The activation of pyrite with copper represents a problem when processing copper sulfide minerals by flotation. The copper ions released from sulfide minerals present in the pulp are adsorbed on the pyrite surface, allowing it to react with the collector. As a result, pyrite appears in the froth, diminishing the quality of the concentrate. Pyrite reacts naturally with xanthate collectors at low pH with the formation of dixanthogen and iron-xanthate over its surface [1,2,3]. However, at high pH, the absorption of xanthate is not as significant as at low pH, so pyrite recovery is lower making possible its separation from copper sulfide minerals which are able to float at high pH values [2]. When ${\mathrm{Cu}}^{2+}$ ions are present in the pulp, pyrite recovery increases considerably even at high pH. For example, Leppinen [2] studied the activation of pyrite with copper between pH 4 and 12, and determined that the highest activation of pyrite occurs between pH 7 and 9, where recoveries of Cu-activated pyrite are significantly higher than non-activated pyrite. Furthermore, Zhang et al. [4] studied the activation of pyrite with copper between pH 4 and 11 and established that the highest activation of pyrite with copper occurs between pH 6 and 10. The increase in pyrite recovery is attributable to the adsorption of ${\mathrm{Cu}}^{2+}$ ions over the mineral surface; it has been observed that ${\mathrm{Cu}}^{2+}$ absorption increase with pH in the range 2–7.5 [5]. Some of the products that form over the pyrite surface when it is exposed to ${\mathrm{Cu}}^{2+}$ are chalcopyrite and copper (II) hydroxide. Ejtemaei and Nguyen [6] determined by Cryogenic X-ray Photoelectron Spectroscopy (Cryo-XPS), that a layer of chalcopyrite (CuFeS₂-type) on the pyrite surface is formed when it is contacted with copper sulfate (CuSO₄). Weisener and Gerson [7] showed, by angle resolved X-ray photoelectron spectroscopy (ARXPS), the presence of ${\mathrm{Cu}}^{1+}$ and ${\mathrm{Cu}}^{2+}$ over pyrite. They determined that the ${\mathrm{Cu}}^{2+}$ ions are adsorbed on the pyrite surface and then reduced to ${\mathrm{Cu}}^{1+}$ and, as the reaction proceeds, a Cu(OH)₂ layer on the mineral surface is formed. The xanthate collectors react with the Cu-activated pyrite-forming copper (I) xanthate and dixanthogen, making its flotation possible [2,4].

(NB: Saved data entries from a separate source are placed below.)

lemma block_latin3_cyclic:
  fixes r c :: "3 \<Rightarrow> 'n"
  assumes r: "bij_betw r UNIV R" and c: "bij_betw c UNIV D" and D: "D = C \<or> D = - C"
  shows "(\<forall>i j. L (r i) (c j) = L (r 0) (c (i + j))) \<or> (\<forall>i j. L (r i) (c j) = L (r 0) (c (j - i)))"
proof (rule latin3_cyclic[where M = "\<lambda>i j. L (r i) (c j)"])
  have "inj r" "inj c" "range c = D"
    using r c by (auto simp: bij_betw_def)
  show "inj (\<lambda>j. L (r i) (c j))" for i
    using inj_on_row[of "r i" UNIV] \<open>inj c\<close> unfolding inj_def inj_on_def by blast
  show "inj (\<lambda>i. L (r i) (c j))" for j
    using inj_on_column[of "c j" UNIV] \<open>inj r\<close> unfolding inj_def inj_on_def by blast
  have "L (r i) ` D = L (r 0) ` D" for i
  proof -
    have "r i \<in> R" "r 0 \<in> R"
      using r by (auto simp: bij_betw_def)
    then show ?thesis
      using D row_image row_image_Compl by metis
  qed
  with \<open>range c = D\<close> show "L (r i) (c j) \<in> range (\<lambda>j. L (r 0) (c j))" for i j
    by (metis image_image rangeI)
qed

lemma cyclic_block_exists:
  assumes "card R = 3" and r: "bij_betw r UNIV R" and D: "D = C \<or> D = - C"
  shows "\<exists>c. bij_betw c UNIV D \<and> cyclic_block L r c"
proof -
  have "card D = CARD(3)"
    using D assms(1) card_C card_UNIV by (auto simp: card_Compl)
  then obtain c :: "3 \<Rightarrow> 'n" where c: "bij_betw c UNIV D"
    using finite_same_card_bij[of "UNIV :: 3 set" D] by auto
  have "inj r"
    using r by (simp add: bij_betw_def)
  consider "\<And>i j. L (r i) (c j) = L (r 0) (c (i + j))" | "\<And>i j. L (r i) (c j) = L (r 0) (c (j - i))"
    using block_latin3_cyclic[OF r c D] by blast
  then show ?thesis
  proof cases
    case 1
    then show ?thesis
      using c \<open>inj r\<close> unfolding cyclic_block_def bij_betw_def by blast
  next
    case 2
    have "bij_betw (c \<circ> uminus) UNIV D"
      using c bij_uminus by (blast intro: bij_betw_trans)
    moreover have "L (r i) (c (- j)) = L (r 0) (c (- (i + j)))" for i j
    proof -
      have "- j - i = - (i + j)"
        by (simp add: add.commute)
      then show ?thesis
        using 2[of i "- j"] by metis
    qed
    ultimately have "bij_betw (c \<circ> uminus) UNIV D \<and> cyclic_block L r (c \<circ> uminus)"
      using \<open>inj r\<close> unfolding cyclic_block_def bij_betw_def by simp
    then show ?thesis by blast
  qed
qed

end

section \<open>Subsquares of order three\<close>

locale QLS_half_subsquare = QLS_orthogonal_latin Phi L + half_subsquare L R C
  for Phi :: "'n::finite \<Rightarrow> 'n \<Rightarrow> 'n \<Rightarrow> complex" and L R C
begin

lemma subsquare_frame:
  assumes D: "D = C \<or> D = - C"
  shows "(\<Sum>i\<in>R. \<Sum>j\<in>D. cinner u (Phi i j) * cinner (Phi i j) v) = card R / 2 * cinner u v"
proof -
  define F where "F A = (\<Sum>(i, j)\<in>A. cinner u (Phi i j) * cinner (Phi i j) v)" for A
  have F_Un: "F (A \<union> B) = F A + F B" if "A \<inter> B = {}" for A B
    unfolding F_def using that by (simp add: sum.union_disjoint)
  have rows: "F (R \<times> UNIV) = card R * cinner u v"
    unfolding F_def sum.cartesian_product[symmetric] by (simp add: parseval_row[symmetric])
  have columns: "F (UNIV \<times> C) = card R * cinner u v"
    unfolding F_def sum.cartesian_product[symmetric]
    by (subst sum.swap) (simp add: parseval_column[symmetric] card_C)
  have "F {(i, j). L i j \<notin> symbols}
      = (\<Sum>s\<in>- symbols. F {p. p \<in> {(i, j). L i j \<notin> symbols} \<and> (\<lambda>(i, j). L i j) p = s})"
    unfolding F_def by (rule sum.group[symmetric]) auto
  also have "\<dots> = (\<Sum>s\<in>- symbols. F {(i, j). L i j = s})"
    by (intro sum.cong refl arg_cong[where f = F]) auto
  also have "\<dots> = card (- symbols) * cinner u v"
    unfolding F_def by (simp add: parseval_symbol[symmetric])
  finally have symbols: "F {(i, j). L i j \<notin> symbols} = card R * cinner u v"
    using card_subsquare_symbols card_UNIV by (simp add: card_Compl symbols_def)
  have "F (R \<times> UNIV) = F (R \<times> C) + F (R \<times> (- C))"
      "F (UNIV \<times> C) = F (R \<times> C) + F ((- R) \<times> C)"
      "F {(i, j). L i j \<notin> symbols} = F (R \<times> (- C)) + F ((- R) \<times> C)"
    by (rule trans[OF arg_cong[where f = F] F_Un], use symbol_in_iff in auto)+
  then have "F (R \<times> C) + F (R \<times> (- C)) = card R * cinner u v"
      "F (R \<times> C) + F ((- R) \<times> C) = card R * cinner u v"
      "F (R \<times> (- C)) + F ((- R) \<times> C) = card R * cinner u v"
    using rows columns symbols by simp_all
  then have "F (R \<times> C) = card R / 2 * cinner u v" "F (R \<times> (- C)) = card R / 2 * cinner u v"
    by (simp_all add: field_simps) algebra+
  then have "F (R \<times> D) = card R / 2 * cinner u v"
    using D by auto
  then show ?thesis
    unfolding F_def sum.cartesian_product .
qed

end

locale cyclic_blocks = QLS_half_subsquare Phi L R C
  for Phi :: "'n::finite \<Rightarrow> 'n \<Rightarrow> 'n \<Rightarrow> complex" and L R C +
  fixes r c c' :: "3 \<Rightarrow> 'n"
  assumes card_R: "card R = 3"
    and r: "bij_betw r UNIV R" and c: "bij_betw c UNIV C" and c': "bij_betw c' UNIV (- C)"
    and cyclic: "cyclic_block L r c" "cyclic_block L r c'"
begin

definition phase :: "(3 \<Rightarrow> 'n) \<Rightarrow> 3 \<Rightarrow> 3 \<Rightarrow> complex" where
  "phase cx k i = -2 * cinner (Phi (r i) (cx (k + i))) (Phi (r 0) (cx k))"

lemma block_frame:
  assumes "cx = c \<or> cx = c'"
  shows "(\<Sum>i\<in>UNIV. \<Sum>j\<in>UNIV. cinner u (Phi (r i) (cx j)) * cinner (Phi (r i) (cx j)) v) = 3/2 * cinner u v"
proof -
  obtain D where D: "bij_betw cx UNIV D" "D = C \<or> D = - C"
    using assms c c' by blast
  have "(\<Sum>i\<in>UNIV. \<Sum>j\<in>UNIV. cinner u (Phi (r i) (cx j)) * cinner (Phi (r i) (cx j)) v)
      = (\<Sum>i\<in>R. \<Sum>j\<in>D. cinner u (Phi i j) * cinner (Phi i j) v)"
    using sum.reindex_bij_betw[OF D(1), of "\<lambda>j. cinner u (Phi (r _) j) * cinner (Phi (r _) j) v"]
      sum.reindex_bij_betw[OF r, of "\<lambda>i. \<Sum>j\<in>D. cinner u (Phi i j) * cinner (Phi i j) v"]
    by simp
  also have "\<dots> = 3/2 * cinner u v"
    using subsquare_frame[OF D(2)] card_R by simp
  finally show ?thesis .
qed

lemma diagonal_trine:
  assumes "cx = c \<or> cx = c'"
  shows "cnj (phase cx k 1) * phase cx k 1 = 1"
    and "(\<lambda>y. Phi (r 0) (cx k) y + phase cx k 1 * Phi (r 1) (cx (k + 1)) y
            + phase cx k 2 * Phi (r 2) (cx (k + 2)) y) = (\<lambda>y. 0)"
    and "cinner (Phi (r 0) (cx k)) (\<lambda>y. phase cx k 1 * Phi (r 1) (cx (k + 1)) y) = -1/2"
  using cyclic_block_diagonal_trine[of r cx, OF _ block_frame[OF assms]] cyclic assms
  unfolding phase_def by auto

lemma cinner_diagonal:
  assumes "cx = c \<or> cx = c'"
  shows "cinner (Phi (r 0) (cx k')) (\<lambda>y. phase cx k 1 * Phi (r 1) (cx (k + 1)) y)
    = (if k' = k then -1/2 else 0)"
proof (cases "k' = k")
  case False
  then have "cinner (Phi (r 0) (cx k')) (Phi (r 1) (cx (k + 1))) = 0"
    using cyclic_block_orthogonal[of r cx "k'" 0 "k + 1" 1] cyclic assms by auto
  with False show ?thesis
    by (simp add: cinner_scale_right)
qed (use diagonal_trine(3)[OF assms] in simp)

definition f :: "3 \<Rightarrow> 'n \<Rightarrow> complex" where
  "f k = Phi (r 0) (c k)"

definition g :: "3 \<Rightarrow> 'n \<Rightarrow> complex" where
  "g m = Phi (r 0) (c' m)"

definition a :: "3 \<Rightarrow> 'n \<Rightarrow> complex" where
  "a k = (\<lambda>y. phase c k 1 * Phi (r 1) (c (k + 1)) y)"

definition b :: "3 \<Rightarrow> 'n \<Rightarrow> complex" where
  "b m = (\<lambda>y. phase c' m 1 * Phi (r 1) (c' (m + 1)) y)"

sublocale row_pair f g a b
proof
  fix u v
  have "cinner u v = (\<Sum>j\<in>C. cinner u (Phi (r 0) j) * cinner (Phi (r 0) j) v)
      + (\<Sum>j\<in>- C. cinner u (Phi (r 0) j) * cinner (Phi (r 0) j) v)"
    using parseval_row[of u v "r 0"] sum.union_disjoint[of C "- C"] by simp
  then show "cinner u v = (\<Sum>k\<in>UNIV. cinner u (f k) * cinner (f k) v) + (\<Sum>m\<in>UNIV. cinner u (g m) * cinner (g m) v)"
    unfolding f_def g_def
    using sum.reindex_bij_betw[OF c, of "\<lambda>j. cinner u (Phi (r 0) j) * cinner (Phi (r 0) j) v"]
      sum.reindex_bij_betw[OF c', of "\<lambda>j. cinner u (Phi (r 0) j) * cinner (Phi (r 0) j) v"]
    by simp
next
  fix k k'
  show "cinner (f k') (a k) = (if k' = k then -1/2 else 0)"
    unfolding f_def a_def by (rule cinner_diagonal) simp
next
  fix m m'
  show "cinner (g m') (b m) = (if m' = m then -1/2 else 0)"
    unfolding g_def b_def by (rule cinner_diagonal) simp
next
  fix m m'
  show "cinner (b m) (b m') = (if m = m' then 1 else 0)"
  proof (cases "m = m'")
    case True
    then show ?thesis
      using diagonal_trine(1)[of c' m] by (simp add: b_def cinner_scale_left cinner_scale_right cinner_Phi_self)
  next
    case False
    then have "c' (m + 1) \<noteq> c' (m' + 1)"
      using c' by (auto simp: bij_betw_def dest: injD)
    with False show ?thesis
      by (simp add: b_def cinner_scale_left cinner_scale_right cinner_Phi_row)
  qed
next
  fix k m
  have "c (k + 1) \<noteq> c' (m + 1)"
    using c c' by (auto simp: bij_betw_def)
  then show "cinner (a k) (b m) = 0"
    by (simp add: a_def b_def cinner_scale_left cinner_scale_right cinner_Phi_row)
qed

lemma det3_twisted_X_eq_0_at: "det3 (\<lambda>i k. X i k * twist_weight (i - j) k) = 0"
proof -
  have "r l \<in> R" "c l \<in> C" "c' l \<notin> C" for l
    using r c c' by (auto simp: bij_betw_def)
  obtain i where i: "L (r 0) (c 0) = L i (c' j)"
    using surjD[OF bij_is_surj[OF bij_column]] by blast
  then have "i \<notin> R"
    using symbol_in_iff \<open>r 0 \<in> R\<close> \<open>c 0 \<in> C\<close> \<open>c' j \<notin> C\<close> by metis
  then have rows: "r l \<noteq> i" for l
    using \<open>r l \<in> R\<close> by blast
  have "L (r 1) (c 2) = L (r 0) (c (1 + 2))" "L (r 2) (c 1) = L (r 0) (c (2 + 1))"
    using cyclic(1) unfolding cyclic_block_def by blast+
  with i have symbol: "L (r 1) (c 2) = L i (c' j)" "L (r 2) (c 1) = L i (c' j)"
    by simp_all
  define d where "d = Phi i (c' j)"
  show ?thesis
  proof (rule det3_twisted_X_eq_0)
    show "d \<noteq> (\<lambda>y. 0)"
      using cinner_Phi_self[of i "c' j"] unfolding d_def by auto
    show "cinner (f 0) d = 0"
      unfolding f_def d_def using i rows by (intro cinner_Phi_symbol) auto
    show "cinner (a 1) d = 0"
      unfolding a_def d_def cinner_scale_left using symbol rows by (simp add: cinner_Phi_symbol)
    show "cinner (f 2) d + cinner (a 2) d = 0"
      unfolding f_def a_def d_def using symbol rows
      by (intro cinner_add_eq_0_if_sum_eq_0[OF diagonal_trine(2)[of c 2]]) (simp_all add: cinner_Phi_symbol)
    show "cinner (g j) d = 0"
      unfolding g_def d_def using rows by (simp add: cinner_Phi_column)
    show "cinner (b (j + 2)) d = 0"
      unfolding b_def d_def cinner_scale_left using rows by (simp add: add.assoc cinner_Phi_column)
    show "cinner (g (j + 1)) d + cinner (b (j + 1)) d = 0"
      unfolding g_def b_def d_def using rows
      by (intro cinner_add_eq_0_if_sum_eq_0[OF diagonal_trine(2)[of c' "j + 1"]]) (simp_all add: add.assoc cinner_Phi_column)
  qed
qed

lemma det3_X_eq_0: "det3 X = 0"
  using sum_det3_twisted[of X] det3_twisted_X_eq_0_at by simp
theorem theorem1:
  fixes S :: "'x::euclidean_space \<Rightarrow> 'z::euclidean_space"
    and DS :: "'x \<Rightarrow> ('x \<Rightarrow>\<^sub>L 'z)"
    and g :: "'z \<Rightarrow> real" and eta :: real and C :: "'x set"
    and x :: "nat \<Rightarrow> 'x" and xb :: 'x
    and gamma :: "nat \<Rightarrow> real" and gb :: real
    and mu :: "nat \<Rightarrow> real"
  assumes S_deriv: "\<And>y. (S has_derivative blinfun_apply (DS y)) (at y)"
    and S_lip: "\<exists>L. L-lipschitz_on UNIV S"
    and DS_lip: "\<exists>L. L-lipschitz_on UNIV DS"
    and g_lip: "\<exists>L. L-lipschitz_on UNIV g"
    and eta_pos: "eta > 0"
    and g_wc: "weakly_convex eta g"
    and C_ne: "C \<noteq> {}" and C_closed: "closed C" and C_pr: "prox_regular C"
    and argmin_ne: "\<exists>y\<in>C. \<forall>w\<in>C. g (S y) \<le> g (S w)"
    and x_in: "\<And>n. x n \<in> C" and x_lim: "x \<longlonglongrightarrow> xb" and xb_in: "xb \<in> C"
    and gamma_pos: "\<And>n. gamma n > 0" and gamma_lim: "gamma \<longlonglongrightarrow> gb" and gb_nn: "gb \<ge> 0"
    and mu_pos: "\<And>n. mu n > 0" and mu_le: "\<And>n. mu n \<le> 1 / (2 * eta)"
    and mu_dec: "decseq mu" and mu_lim: "mu \<longlonglongrightarrow> 0"
  shows "Liminf sequentially (\<lambda>n. Mmeas (gamma n) (\<lambda>y. moreau (mu n) g (S y)) C (x n))
           \<ge> (if gb > 0 then Mmeas gb (\<lambda>y. g (S y)) C xb
              else dist0 (frechet_subdiff (\<lambda>y. ereal (g (S y)) + iota C y) xb))
       \<and> (Liminf sequentially (\<lambda>n. Mmeas (gamma n) (\<lambda>y. moreau (mu n) g (S y)) C (x n)) = 0
            \<longrightarrow> 0 \<in> frechet_subdiff (\<lambda>y. ereal (g (S y)) + iota C y) xb)"
proof -
  obtain LD where "LD-lipschitz_on UNIV DS" using DS_lip by blast
  then have DS_cont: "continuous_on UNIV DS" by (rule lipschitz_on_continuous_on)
  obtain Lg where g_Lg: "Lg-lipschitz_on UNIV g" using g_lip by blast
  define M where "M = (\<lambda>n. Mmeas (gamma n) (\<lambda>y. moreau (mu n) g (S y)) C (x n))"
  define G where "G = gradient_mapping_set gb (\<lambda>y. g (S y)) C xb"
  have bound: "\<exists>u\<in>G. norm u \<le> c0"
    if r: "strict_mono r" and "\<And>k. M (r k) < ereal (c k)" and "c \<longlonglongrightarrow> c0" for r c c0
    using that(2,3) LIMSEQ_subseq_LIMSEQ[OF x_lim r] LIMSEQ_subseq_LIMSEQ[OF gamma_lim r]
      LIMSEQ_subseq_LIMSEQ[OF mu_lim r] gamma_pos gb_nn mu_pos mu_le
    unfolding G_def M_def o_def
    by (intro gradient_mapping_set_bound_of_Mmeas_moreau[OF g_Lg g_wc eta_pos S_deriv DS_cont
          C_closed C_pr xb_in,
          where xs = "\<lambda>k. x (r k)" and gamma = "\<lambda>k. gamma (r k)" and mu = "\<lambda>k. mu (r k)"]) auto
  have "dist0 G \<le> Liminf sequentially M"
  proof (rule Liminf_ge_of_subseq_bound)
    fix r :: "nat \<Rightarrow> nat" and c assume "strict_mono r" "\<And>k. M (r k) < ereal c"
    then obtain u where "u \<in> G" "norm u \<le> c" using bound[of r "\<lambda>k. c" c] by auto
    then show "dist0 G \<le> ereal c" by (meson dist0_le_norm ereal_less_eq(3) order_trans)
  qed
  moreover have "0 \<in> frechet_subdiff (\<lambda>y. ereal (g (S y)) + iota C y) xb"
    if liminf_0: "Liminf sequentially M = 0"
  proof -
    obtain r :: "nat \<Rightarrow> nat" and c where "strict_mono r" "c \<longlonglongrightarrow> 0" "\<And>k. M (r k) < ereal (c k)"
      using Liminf_eq_0_imp_subseq[OF liminf_0] by blast
    then obtain u where "u \<in> G" "norm u \<le> 0" using bound by blast
    then show ?thesis
      unfolding G_def using xb_in by (intro stationary_of_zero_in_gradient_mapping_set) auto
  qed
  ultimately show ?thesis by (simp add: M_def G_def dist0_gradient_mapping_set)
qed

end
(* There exist absolute constants $c_1>0$ and $c_2>0$ such that for all integers $d\ge 2$, all integers $n\ge (c_1 d)^{\frac{d-1}{2}}$, and all polytopes $P_n\subset B_2^d$ having $n$ vertices, $$ \mathrm{vol}_d(B_2^d)-\mathrm{vol}_d(P_n)\ \ge\ c_2\, d\, \mathrm{vol}_d(B_2^d)\, n^{-\frac{2}{d-1}} . $$
   Context: $B_2^d$ denotes the closed Euclidean unit ball in $\mathbb{R}^d$ and $\mathrm{vol}_d$ the $d$-dimensional Lebesgue measure. *)

theory Defs
  imports "HOL-Analysis.Analysis" "HOL-Probability.Probability"
begin

text \<open>Points of R^d are modelled as extensional functions in PiE {..<d} (\<lambda>_. UNIV),
  i.e. the space of the product measure below.\<close>

definition Rd :: "nat \<Rightarrow> (nat \<Rightarrow> real) set" where
  "Rd d = PiE {..<d} (\<lambda>_. UNIV)"

definition lebesgue_d :: "nat \<Rightarrow> (nat \<Rightarrow> real) measure" where
  "lebesgue_d d = Pi\<^sub>M {..<d} (\<lambda>_. lborel)"

definition vol :: "nat \<Rightarrow> (nat \<Rightarrow> real) set \<Rightarrow> real" where
  "vol d S = measure (lebesgue_d d) S"

definition unit_ball :: "nat \<Rightarrow> (nat \<Rightarrow> real) set" where
  "unit_ball d = {x \<in> Rd d. (\<Sum>i<d. (x i)\<^sup>2) \<le> 1}"

definition conv_hull :: "nat \<Rightarrow> (nat \<Rightarrow> real) set \<Rightarrow> (nat \<Rightarrow> real) set" where
  "conv_hull d V = {x \<in> Rd d. \<exists>w. (\<forall>v\<in>V. 0 \<le> w v) \<and> (\<Sum>v\<in>V. w v) = 1 \<and>
       (\<forall>i<d. x i = (\<Sum>v\<in>V. w v * v i))}"

text \<open>P is a polytope in R^d with exactly n vertices: the convex hull of a finite set V
  of n points none of which lies in the convex hull of the others (so V is the vertex set).\<close>
definition polytope_n_vertices :: "nat \<Rightarrow> (nat \<Rightarrow> real) set \<Rightarrow> nat \<Rightarrow> bool" where
  "polytope_n_vertices d P n \<longleftrightarrow> (\<exists>V. finite V \<and> card V = n \<and> V \<subseteq> Rd d \<and>
       P = conv_hull d V \<and> (\<forall>v\<in>V. v \<notin> conv_hull d (V - {v})))"

end

theory Submission
  imports Defs
begin

text \<open>Put \<open>h = n powr (-2 / (d - 1)) / 8192\<close>. For a point \<open>x\<close> of \<open>P = conv V\<close>, \<open>|x|^2\<close> is a convex
  combination of the inner products \<open><x, v>\<close> over the vertices, so if \<open>|x|^2 > 1 - h\<close> then
  \<open><x, v> \<ge> 1 - h\<close> for some vertex \<open>v\<close>. Hence \<open>P\<close> is covered by the ball of radius \<open>sqrt (1 - h)\<close>
  and the \<open>n\<close> caps \<open>{x \<in> B. <x, v> \<ge> 1 - h}\<close>. Each cap lies in a cylinder of radius \<open>sqrt (2 * h)\<close>
  and axial length at most \<open>2 * d * h\<close>, so its volume is at most
  \<open>2 * d^2 * h * (2 * h) powr ((d - 1) / 2) * vol B\<close>; by the choice of \<open>h\<close> all \<open>n\<close> caps together
  have volume at most \<open>d * h * vol B / 8\<close>. The shell between the radii \<open>sqrt (1 - h)\<close> and \<open>1\<close> has
  volume at least \<open>d * h * vol B / 4\<close>, so \<open>P\<close> misses at least \<open>d * h * vol B / 8\<close> of the ball.\<close>

section \<open>Lebesgue measure on finite products of the real line\<close>

abbreviation lborel_Pi :: "'i set \<Rightarrow> ('i \<Rightarrow> real) measure" where
  "lborel_Pi I \<equiv> Pi\<^sub>M I (\<lambda>_. lborel)"
(* Let $(H,v)$ be a rooted graph. Then for any integers $k\ge 0$ and $g\ge 1$, \[ X_{P^k(K_g,\,H)}=(g-1)!\sum_{l=0}^{g-1}(1-l)\,e_l\,X_{H^{k+g-1-l}}. \]
   Context: All graphs are finite simple graphs. The chromatic symmetric function of a graph $G$ is $X_G=\sum_{\kappa}\prod_{v\in V(G)}x_{\kappa(v)}$, where $\kappa$ ranges over proper colorings $\kappa:V(G)\to\{1,2,\dots\}$. $e_l$ is the $l$-th elementary symmetric function, $e_0=1$. $K_g$ is the complete graph on $g$ vertices, rooted at any vertex. For rooted graphs $(G,u)$, $(H,v)$ and $k\ge 0$, $P^k(G,H)$ is obtained from the disjoint union of $G$ and $H$ by adding a path of length $k$ (with $k-1$ new internal vertices) joining $u$ and $v$ (for $k=0$, $u$ and $v$ are identified). The tailed graph $H^k$ is $P^k(H,K_1)$, i.e., $H$ with a pendant path of length $k$ attached at its root. *)

theory Defs
  imports Main "HOL-Library.Multiset" "HOL-Library.FuncSet"
begin

definition simple_graph :: "'a set \<Rightarrow> 'a set set \<Rightarrow> bool" where
  "simple_graph V E \<longleftrightarrow> finite V \<and> (\<forall>e\<in>E. e \<subseteq> V \<and> card e = 2)"

text \<open>Symmetric functions (formal power series in the variables x_0, x_1, ...)
  represented by their coefficient function on monomials; a monomial is a
  finite multiset of variable indices.\<close>
type_synonym sym_fun = "nat multiset \<Rightarrow> int"

definition sf_mult :: "sym_fun \<Rightarrow> sym_fun \<Rightarrow> sym_fun" where
  "sf_mult f g \<alpha> = (\<Sum>\<beta>\<in>{\<beta>. \<beta> \<subseteq># \<alpha>}. f \<beta> * g (\<alpha> - \<beta>))"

In Chile, the consumption of seawater in mining has increased considerably in recent years and it is expected to continue to increase. In 2010, the consumption of seawater without desalination was 0.11 ${\mathrm{m}}^3$/s which increased to 1.84 ${\mathrm{m}}^3$/s in 2019 [8]. This is relevant, considering that pyrite presents a higher activation with copper on seawater flotation compared to freshwater, due to the oxidation of chalcopyrite, which causes a higher extraction of copper [9].

The bacterium Acidithiobacillus ferrooxidans has been studied as a pyrite depressant in flotation with freshwater and seawater showing good results [10,11,12,13,14,15,16,17]. However, the effect of bacteria as a depressant of Cu-activated pyrite has not been investigated. In the present study, the use of A. ferrooxidans as a depressant of Cu-activated pyrite in freshwater and seawater is evaluated.

Bioflotation has not been carried out on an industrial scale in Chile, so in order to evaluate its use it is necessary to take into consideration the activation of pyrite with copper, which is a common problem that occurs in flotation systems. In seawater, this problem is greater because chalcopyrite oxidizes and releases copper ions that react with pyrite. Because the use of natural seawater is becoming relevant in flotation process, it is necessary to evaluate if bacteria are capable of depressing copper-activated pyrite in flotation with seawater.

2. Materials and Methods

2.1. Mineral Preparation

The pyrite used in this study was hand-picked from the central zone of Chile, and was prepared in a sequential crushing and sieving process. The mineral was dry screened between mesh # 70 and # 400 (212 $\mathsf{\mu }$m and 37 $\mathsf{\mu }$m), cleaned with 6N hydrochloric acid solution to remove the oxidized species from the surfaces, and washed with distilled water to remove the remaining acid. The purity of the pyrite was determined by quantitative X-ray diffraction using a Bruker D8 powder XRD and it was higher than 99%.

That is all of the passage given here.